Of all the entries below, only the lines from the one with "unfolding nth_prime_def strict_mono_def" up to and including the one with "1 \<and> (\<forall>i<j." are to be duplicated exactly.
(Beginning of Extracted data)
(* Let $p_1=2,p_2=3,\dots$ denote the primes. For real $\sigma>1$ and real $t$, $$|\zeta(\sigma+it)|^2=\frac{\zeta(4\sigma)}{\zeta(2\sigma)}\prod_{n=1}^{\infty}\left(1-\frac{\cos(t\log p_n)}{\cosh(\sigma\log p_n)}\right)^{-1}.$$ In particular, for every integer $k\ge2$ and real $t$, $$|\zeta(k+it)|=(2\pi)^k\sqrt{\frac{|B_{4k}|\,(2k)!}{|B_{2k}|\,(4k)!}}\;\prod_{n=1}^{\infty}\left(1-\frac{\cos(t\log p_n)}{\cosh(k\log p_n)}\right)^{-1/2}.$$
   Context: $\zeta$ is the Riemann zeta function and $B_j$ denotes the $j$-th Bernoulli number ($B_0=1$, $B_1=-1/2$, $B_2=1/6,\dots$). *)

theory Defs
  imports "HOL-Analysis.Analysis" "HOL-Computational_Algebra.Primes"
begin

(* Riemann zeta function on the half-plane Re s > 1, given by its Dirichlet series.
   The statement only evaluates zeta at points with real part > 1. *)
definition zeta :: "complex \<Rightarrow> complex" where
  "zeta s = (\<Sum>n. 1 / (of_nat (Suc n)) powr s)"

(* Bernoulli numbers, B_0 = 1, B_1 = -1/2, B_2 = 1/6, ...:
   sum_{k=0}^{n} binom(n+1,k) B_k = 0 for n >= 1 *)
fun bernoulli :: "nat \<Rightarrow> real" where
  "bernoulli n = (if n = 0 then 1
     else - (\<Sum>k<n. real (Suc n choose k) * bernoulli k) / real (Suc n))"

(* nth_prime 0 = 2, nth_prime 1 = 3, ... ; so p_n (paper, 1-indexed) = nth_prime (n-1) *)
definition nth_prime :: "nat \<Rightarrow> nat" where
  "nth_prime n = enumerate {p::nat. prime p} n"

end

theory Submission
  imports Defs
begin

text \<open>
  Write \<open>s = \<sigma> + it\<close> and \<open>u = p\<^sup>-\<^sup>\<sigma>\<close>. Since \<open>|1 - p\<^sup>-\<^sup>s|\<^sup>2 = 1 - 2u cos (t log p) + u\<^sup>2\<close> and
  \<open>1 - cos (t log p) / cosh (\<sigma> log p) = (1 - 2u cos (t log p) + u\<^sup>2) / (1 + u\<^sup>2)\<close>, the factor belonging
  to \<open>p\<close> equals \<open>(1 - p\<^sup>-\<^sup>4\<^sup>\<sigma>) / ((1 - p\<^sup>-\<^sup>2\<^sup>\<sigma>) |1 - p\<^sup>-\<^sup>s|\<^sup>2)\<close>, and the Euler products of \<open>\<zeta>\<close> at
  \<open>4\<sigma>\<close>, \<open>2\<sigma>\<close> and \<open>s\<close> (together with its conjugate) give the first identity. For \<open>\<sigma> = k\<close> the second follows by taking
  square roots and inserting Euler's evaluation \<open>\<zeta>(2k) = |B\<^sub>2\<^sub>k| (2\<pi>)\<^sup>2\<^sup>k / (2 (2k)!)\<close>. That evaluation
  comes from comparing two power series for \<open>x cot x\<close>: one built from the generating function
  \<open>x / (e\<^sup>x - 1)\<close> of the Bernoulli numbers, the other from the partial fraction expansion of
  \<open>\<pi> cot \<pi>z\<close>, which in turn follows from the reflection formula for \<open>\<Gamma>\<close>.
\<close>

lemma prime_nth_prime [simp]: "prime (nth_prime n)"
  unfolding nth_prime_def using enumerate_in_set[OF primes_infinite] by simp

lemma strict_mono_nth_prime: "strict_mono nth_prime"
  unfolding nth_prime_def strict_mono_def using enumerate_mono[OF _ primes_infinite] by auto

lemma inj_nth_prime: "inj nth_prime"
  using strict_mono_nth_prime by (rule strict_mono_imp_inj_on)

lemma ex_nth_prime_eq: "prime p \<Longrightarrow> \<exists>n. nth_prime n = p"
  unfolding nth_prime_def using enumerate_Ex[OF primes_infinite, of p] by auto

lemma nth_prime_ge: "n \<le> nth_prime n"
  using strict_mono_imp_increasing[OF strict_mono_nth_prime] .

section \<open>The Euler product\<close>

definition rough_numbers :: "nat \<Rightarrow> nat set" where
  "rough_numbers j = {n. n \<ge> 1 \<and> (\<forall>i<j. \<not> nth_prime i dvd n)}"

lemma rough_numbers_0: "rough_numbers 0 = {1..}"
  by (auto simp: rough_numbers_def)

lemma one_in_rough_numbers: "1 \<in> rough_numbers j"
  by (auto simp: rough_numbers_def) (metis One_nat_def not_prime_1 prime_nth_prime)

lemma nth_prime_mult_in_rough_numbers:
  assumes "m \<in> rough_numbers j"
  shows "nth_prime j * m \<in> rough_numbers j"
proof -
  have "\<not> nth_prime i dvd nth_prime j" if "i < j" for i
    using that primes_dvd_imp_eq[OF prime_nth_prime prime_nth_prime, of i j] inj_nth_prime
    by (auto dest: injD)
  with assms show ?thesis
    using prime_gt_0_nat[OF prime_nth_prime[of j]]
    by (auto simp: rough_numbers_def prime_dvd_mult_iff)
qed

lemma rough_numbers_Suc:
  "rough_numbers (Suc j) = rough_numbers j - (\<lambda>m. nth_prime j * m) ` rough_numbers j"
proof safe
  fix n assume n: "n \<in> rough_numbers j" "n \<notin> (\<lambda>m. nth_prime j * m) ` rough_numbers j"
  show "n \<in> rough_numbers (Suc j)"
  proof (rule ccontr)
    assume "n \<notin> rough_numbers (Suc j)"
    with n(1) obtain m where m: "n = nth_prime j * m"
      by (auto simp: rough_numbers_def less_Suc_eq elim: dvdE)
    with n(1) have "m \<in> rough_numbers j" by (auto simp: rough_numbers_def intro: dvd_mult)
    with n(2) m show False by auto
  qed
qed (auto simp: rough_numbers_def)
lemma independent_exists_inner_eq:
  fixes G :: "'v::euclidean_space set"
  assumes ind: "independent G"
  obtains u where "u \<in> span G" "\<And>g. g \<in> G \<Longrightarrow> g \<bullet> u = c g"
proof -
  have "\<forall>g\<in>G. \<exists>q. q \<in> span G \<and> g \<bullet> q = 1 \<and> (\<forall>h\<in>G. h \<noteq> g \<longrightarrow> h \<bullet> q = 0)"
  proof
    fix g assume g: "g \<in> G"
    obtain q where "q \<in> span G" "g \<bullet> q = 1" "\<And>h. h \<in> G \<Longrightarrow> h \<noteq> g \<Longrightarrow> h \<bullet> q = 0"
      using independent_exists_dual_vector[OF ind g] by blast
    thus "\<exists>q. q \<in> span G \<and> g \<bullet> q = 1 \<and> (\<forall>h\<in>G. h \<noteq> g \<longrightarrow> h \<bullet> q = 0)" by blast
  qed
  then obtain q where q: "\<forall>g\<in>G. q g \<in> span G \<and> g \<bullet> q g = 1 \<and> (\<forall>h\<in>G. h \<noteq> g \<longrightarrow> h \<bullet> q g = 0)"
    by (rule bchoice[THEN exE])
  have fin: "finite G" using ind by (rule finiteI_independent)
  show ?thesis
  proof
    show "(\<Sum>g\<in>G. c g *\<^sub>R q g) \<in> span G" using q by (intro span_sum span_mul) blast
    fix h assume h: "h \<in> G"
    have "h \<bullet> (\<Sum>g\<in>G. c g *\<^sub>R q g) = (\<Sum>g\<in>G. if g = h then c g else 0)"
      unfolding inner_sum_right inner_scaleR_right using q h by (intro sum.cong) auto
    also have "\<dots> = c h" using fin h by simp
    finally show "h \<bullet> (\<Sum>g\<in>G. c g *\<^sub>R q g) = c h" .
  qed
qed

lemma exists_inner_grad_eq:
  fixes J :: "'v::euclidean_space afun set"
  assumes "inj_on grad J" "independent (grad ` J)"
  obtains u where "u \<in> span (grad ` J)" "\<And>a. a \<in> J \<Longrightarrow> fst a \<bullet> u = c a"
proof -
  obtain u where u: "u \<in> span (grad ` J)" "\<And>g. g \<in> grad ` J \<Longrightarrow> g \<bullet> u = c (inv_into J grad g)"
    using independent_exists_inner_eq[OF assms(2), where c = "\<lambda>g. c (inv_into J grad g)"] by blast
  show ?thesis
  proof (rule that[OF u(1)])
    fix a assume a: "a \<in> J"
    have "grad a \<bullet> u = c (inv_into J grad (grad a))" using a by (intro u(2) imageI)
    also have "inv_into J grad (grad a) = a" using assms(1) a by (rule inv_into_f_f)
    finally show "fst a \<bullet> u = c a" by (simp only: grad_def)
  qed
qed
(End of Extracted data)
### [Answer to the exercise]
  unfolding nth_prime_def strict_mono_def using enumerate_mono[OF _ primes_infinite] by auto

lemma inj_nth_prime: "inj nth_prime"
  using strict_mono_nth_prime by (rule strict_mono_imp_inj_on)

lemma ex_nth_prime_eq: "prime p \<Longrightarrow> \<exists>n. nth_prime n = p"
  unfolding nth_prime_def using enumerate_Ex[OF primes_infinite, of p] by auto

lemma nth_prime_ge: "n \<le> nth_prime n"
  using strict_mono_imp_increasing[OF strict_mono_nth_prime] .

section \<open>The Euler product\<close>

definition rough_numbers :: "nat \<Rightarrow> nat set" where
  "rough_numbers j = {n. n \<ge> 1 \<and> (\<forall>i<j. \<not> nth_prime i dvd n)}"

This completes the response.